Josh (8): Can you fold this paper for my magic trick? Just fold it like the book says so I can hide the coin in it?
Me: Oh Josh, I am SO bad at that. Can you wait until Dad gets home? He’s good at that stuff.
J: Mom, the best moms always try.
‪#‎momguilt‬ ‪#‎itworks‬

Danny (6): Josh broke his binder. It makes me mad. That’s so wasteful.
Josh (8): Things aren’t supposed to last forever, Danny.
D: Yes! Pottery does! You make pottery and then it gets buried in the ground and it’s still there to dig up in A THOUSAND YEARS!
‪#‎futurearcheologist‬

Me: Oh, look at that! Did you make that at school?
Danny (6): Yes.
Me: What is it?
D: (big sigh) Mom. It’s. ART.
‪#‎obviously‬

A Musing Maralee's photo.

Me: GUYS! Just one more week of school left!
Danny (6): Why do you seem sad, Mom?
Me: Ummmm. . . no reason. . .

I was driving down our block and saw my 8 year-old. I waved goodbye and blew kisses. He did a peace sign by his chest. WHERE DID MY BABY GO?!
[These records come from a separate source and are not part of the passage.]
lemma coupled_rotating_diagonal_inner_derivative_sgn:
  fixes R :: "real \<Rightarrow> real^3^3" and \<gamma> :: "real \<Rightarrow> real"
  assumes t1: "t1 \<noteq> 0" and t4: "t4 \<noteq> 0" and I: "open I"
    and orth: "\<forall>s\<in>I. orthogonal_matrix (R s)" and R: "\<forall>s\<in>I. R differentiable (at s)"
    and \<gamma>: "\<forall>s\<in>I. \<gamma> differentiable (at s)"
    and coupled: "\<forall>s\<in>I. rot t1 (\<gamma> s) t2 \<bullet> rot t4 s t3 = k"
    and sgnA: "\<forall>s\<in>I. sgn (triple t1 (rot t1 (\<gamma> s) t2) (rot t4 s t3)) = sgn A" and A: "A \<noteq> 0"
    and sgnB: "\<forall>s\<in>I. sgn (triple (rot t1 (\<gamma> s) t2) (rot t4 s t3) t4) = sgn B"
    and sgnC: "\<forall>s\<in>I. sgn (triple t4 t1 (rot t1 (\<gamma> s) t2)) = sgn C"
  shows "\<forall>s\<in>I. \<exists>v'. ((\<lambda>s. R s *v (rot t1 (\<gamma> s) t2 - t4)) has_vector_derivative v') (at s) \<and>
                     sgn (v' \<bullet> (R s *v (rot t1 (\<gamma> s) t2 - t4))) = - sgn (A * B * C)"
proof
  fix s assume s: "s \<in> I"
  define p where "p = rot t1 (\<gamma> s) t2"
  define q where "q = rot t4 s t3"
  obtain d\<gamma> where d\<gamma>: "(\<gamma> has_vector_derivative d\<gamma>) (at s)"
    using \<gamma> s vector_derivative_works by blast
  define \<omega> where "\<omega> = d\<gamma> / norm t1"
  have p': "((\<lambda>s. rot t1 (\<gamma> s) t2) has_vector_derivative \<omega> *\<^sub>R cross3 t1 p) (at s)"
    using vector_diff_chain_at[OF d\<gamma> rot_has_vector_derivative[OF t1]]
    by (simp add: o_def p_def \<omega>_def divide_inverse_commute mult.commute)
  have q': "((\<lambda>s. rot t4 s t3) has_vector_derivative inverse (norm t4) *\<^sub>R cross3 t4 q) (at s)"
    using rot_has_vector_derivative[OF t4] by (simp add: q_def divide_inverse_commute)
  \<comment> \<open>differentiating the coupling yields the angular speed of \<open>p\<close>\<close>
  have "p \<bullet> (inverse (norm t4) *\<^sub>R cross3 t4 q) + (\<omega> *\<^sub>R cross3 t1 p) \<bullet> q = 0"
    using inner_derivatives_cancel_if_inner_constant[OF I s coupled p' q']
    by (simp add: p_def q_def)
  then have speed: "\<omega> * triple t1 p q = inverse (norm t4) * triple p q t4"
    unfolding triple_def by (simp add: cross3_def inner_vec_def sum_3 algebra_simps)
  have "((\<lambda>s. rot t1 (\<gamma> s) t2 - t4) has_vector_derivative \<omega> *\<^sub>R cross3 t1 p) (at s)"
    using has_vector_derivative_diff[OF p' has_vector_derivative_const] by simp
  then obtain v' where v': "((\<lambda>s. R s *v (rot t1 (\<gamma> s) t2 - t4)) has_vector_derivative v') (at s)"
    and v'_inner: "v' \<bullet> (R s *v (rot t1 (\<gamma> s) t2 - t4)) = (\<omega> *\<^sub>R cross3 t1 p) \<bullet> (p - t4)"
    using orthogonal_motion_has_vector_derivative[OF I s orth R[rule_format, OF s]]
    unfolding p_def by blast
  have "(\<omega> *\<^sub>R cross3 t1 p) \<bullet> (p - t4) = - (\<omega> * triple t4 t1 p)"
    unfolding triple_def by (simp add: cross3_def inner_vec_def sum_3 algebra_simps)
  moreover have "triple t1 p q \<noteq> 0"
    using sgnA s A unfolding p_def q_def by (metis sgn_0_0)
  ultimately have "sgn (v' \<bullet> (R s *v (rot t1 (\<gamma> s) t2 - t4)))
      = - sgn (triple t1 p q * (inverse (norm t4) * triple p q t4) * triple t4 t1 p)"
    unfolding v'_inner using speed by (intro sgn_eq_minus_sgn_mult3)
  also have "\<dots> = - sgn (A * B * C)"
    using sgnA sgnB sgnC s t4 unfolding p_def q_def by (simp add: sgn_mult)
  finally show "\<exists>v'. ((\<lambda>s. R s *v (rot t1 (\<gamma> s) t2 - t4)) has_vector_derivative v') (at s) \<and>
                     sgn (v' \<bullet> (R s *v (rot t1 (\<gamma> s) t2 - t4))) = - sgn (A * B * C)"
    using v' by blast
qed

theorem mainTheorem5:
  fixes t1r t2r t3r t4r :: "real^3"
    and I :: "real set"
    and \<gamma> :: "real \<Rightarrow> real"
    and R0 :: "real \<Rightarrow> real^3^3"
    and u v :: "real \<Rightarrow> real^3"
  assumes nz123: "triple t1r t2r t3r \<noteq> 0"
    and nz234: "triple t2r t3r t4r \<noteq> 0"
    and nz341: "triple t3r t4r t1r \<noteq> 0"
    and nz412: "triple t4r t1r t2r \<noteq> 0"
    and conv1: "convex hull {0, t1r, t2r} \<inter> convex hull {0, t3r, t4r} = {0}"
    and conv2: "convex hull {0, t1r, t4r} \<inter> convex hull {0, t2r, t3r} = {0}"
    and u0: "(t1r - t3r) \<bullet> e3 = 0"
    and v0: "(t2r - t4r) \<bullet> e3 = 0"
    and uv0: "e3 \<bullet> cross3 (t1r - t3r) (t2r - t4r) > 0"
    and I_max: "maximal_interval t1r t2r t3r t4r I"
    and \<gamma>_ok: "gamma_ok t1r t2r t3r t4r I \<gamma>"
    and R0_an: "real_analytic_on R0 I"
    and R0_SO3: "\<forall>\<theta>\<in>I. R0 \<theta> \<in> SO3"
    and R0_0: "R0 0 = mat 1"
    and u_def: "u = (\<lambda>\<theta>. R0 \<theta> *v t1r - R0 \<theta> *v rot t4r \<theta> t3r)"
    and v_def: "v = (\<lambda>\<theta>. R0 \<theta> *v rot t1r (\<gamma> \<theta>) t2r - R0 \<theta> *v t4r)"
    and u_plane: "\<forall>\<theta>\<in>I. e3 \<bullet> u \<theta> = 0"
    and v_plane: "\<forall>\<theta>\<in>I. e3 \<bullet> v \<theta> = 0"
    and uv_pos: "\<forall>\<theta>\<in>I. e3 \<bullet> cross3 (u \<theta>) (v \<theta>) > 0"
  shows "((\<forall>\<theta>\<in>I. vector_derivative u (at \<theta>) \<bullet> u \<theta> > 0) \<or>
          (\<forall>\<theta>\<in>I. vector_derivative u (at \<theta>) \<bullet> u \<theta> < 0)) \<and>
         ((\<forall>\<theta>\<in>I. vector_derivative v (at \<theta>) \<bullet> v \<theta> > 0) \<or>
          (\<forall>\<theta>\<in>I. vector_derivative v (at \<theta>) \<bullet> v \<theta> < 0)) \<and>
         (strict_mono_on I (\<lambda>\<theta>. norm (u \<theta>)) \<or> strict_antimono_on I (\<lambda>\<theta>. norm (u \<theta>))) \<and>
         (strict_mono_on I (\<lambda>\<theta>. norm (v \<theta>)) \<or> strict_antimono_on I (\<lambda>\<theta>. norm (v \<theta>)))"
proof -
  have I: "is_interval I" "open I"
    using I_max by (simp_all add: maximal_interval_def valid_interval_def)
  have t1r: "t1r \<noteq> 0" and t4r: "t4r \<noteq> 0"
    using nz412 by (auto simp: triple_def)
  have orth: "\<forall>s\<in>I. orthogonal_matrix (R0 s)"
    using R0_SO3 by (simp add: SO3_def)
  have R0_diff: "\<forall>s\<in>I. R0 differentiable (at s)"
    using R0_an real_analytic_on_imp_differentiable by blast
  have \<gamma>_diff: "\<forall>s\<in>I. \<gamma> differentiable (at s)"
    using \<gamma>_ok by (auto simp: gamma_ok_def C1_differentiable_on_def intro: differentiableI_vector)
  have signs: "\<forall>s\<in>I. same_signs t1r (rot t1r (\<gamma> s) t2r) (rot t4r s t3r) t4r t1r t2r t3r t4r"
    and coupled: "\<forall>s\<in>I. rot t1r (\<gamma> s) t2r \<bullet> rot t4r s t3r = t2r \<bullet> t3r"
    using \<gamma>_ok by (simp_all add: gamma_ok_def)
  have u_eq: "u = (\<lambda>s. R0 s *v (t1r - rot t4r s t3r))"
    and v_eq: "v = (\<lambda>s. R0 s *v (rot t1r (\<gamma> s) t2r - t4r))"
    by (simp_all add: u_def v_def matrix_vector_mult_diff_distrib)
  have u_deriv: "\<forall>s\<in>I. \<exists>u'. (u has_vector_derivative u') (at s) \<and>
      sgn (u' \<bullet> u s) = sgn (triple t3r t4r t1r)"
    unfolding u_eq using signs
    by (intro rotating_diagonal_inner_derivative_sgn[OF t4r I(2) orth R0_diff])
      (simp add: same_signs_def)
  have v_deriv: "\<forall>s\<in>I. \<exists>v'. (v has_vector_derivative v') (at s) \<and>
      sgn (v' \<bullet> v s) = - sgn (triple t1r t2r t3r * triple t2r t3r t4r * triple t4r t1r t2r)"
    unfolding v_eq using signs nz123
    by (intro coupled_rotating_diagonal_inner_derivative_sgn[OF t1r t4r I(2) orth R0_diff \<gamma>_diff coupled])
      (simp_all add: same_signs_def)
  have "sgn (triple t3r t4r t1r) \<noteq> 0"
    and "- sgn (triple t1r t2r t3r * triple t2r t3r t4r * triple t4r t1r t2r) \<noteq> 0"
    using nz123 nz234 nz341 nz412 by (simp_all add: sgn_mult sgn_0_0)
  with norm_strict_monotone_if_inner_derivative_sgn[OF I(1) _ u_deriv]
    norm_strict_monotone_if_inner_derivative_sgn[OF I(1) _ v_deriv]
  show ?thesis
    by blast
qed

end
Joel (3): Mom, why did the booty cross the road? To go poop and the bathroom was over there.
I’d like to be upset at this bathroom humor, but this is the first joke he’s ever made up that actually makes sense.
‪#‎priorities‬ ‪#‎proudmom‬

I have been reading about Decision Fatigue which I believe explains most of my frustration around planning dinner and doing bedtime.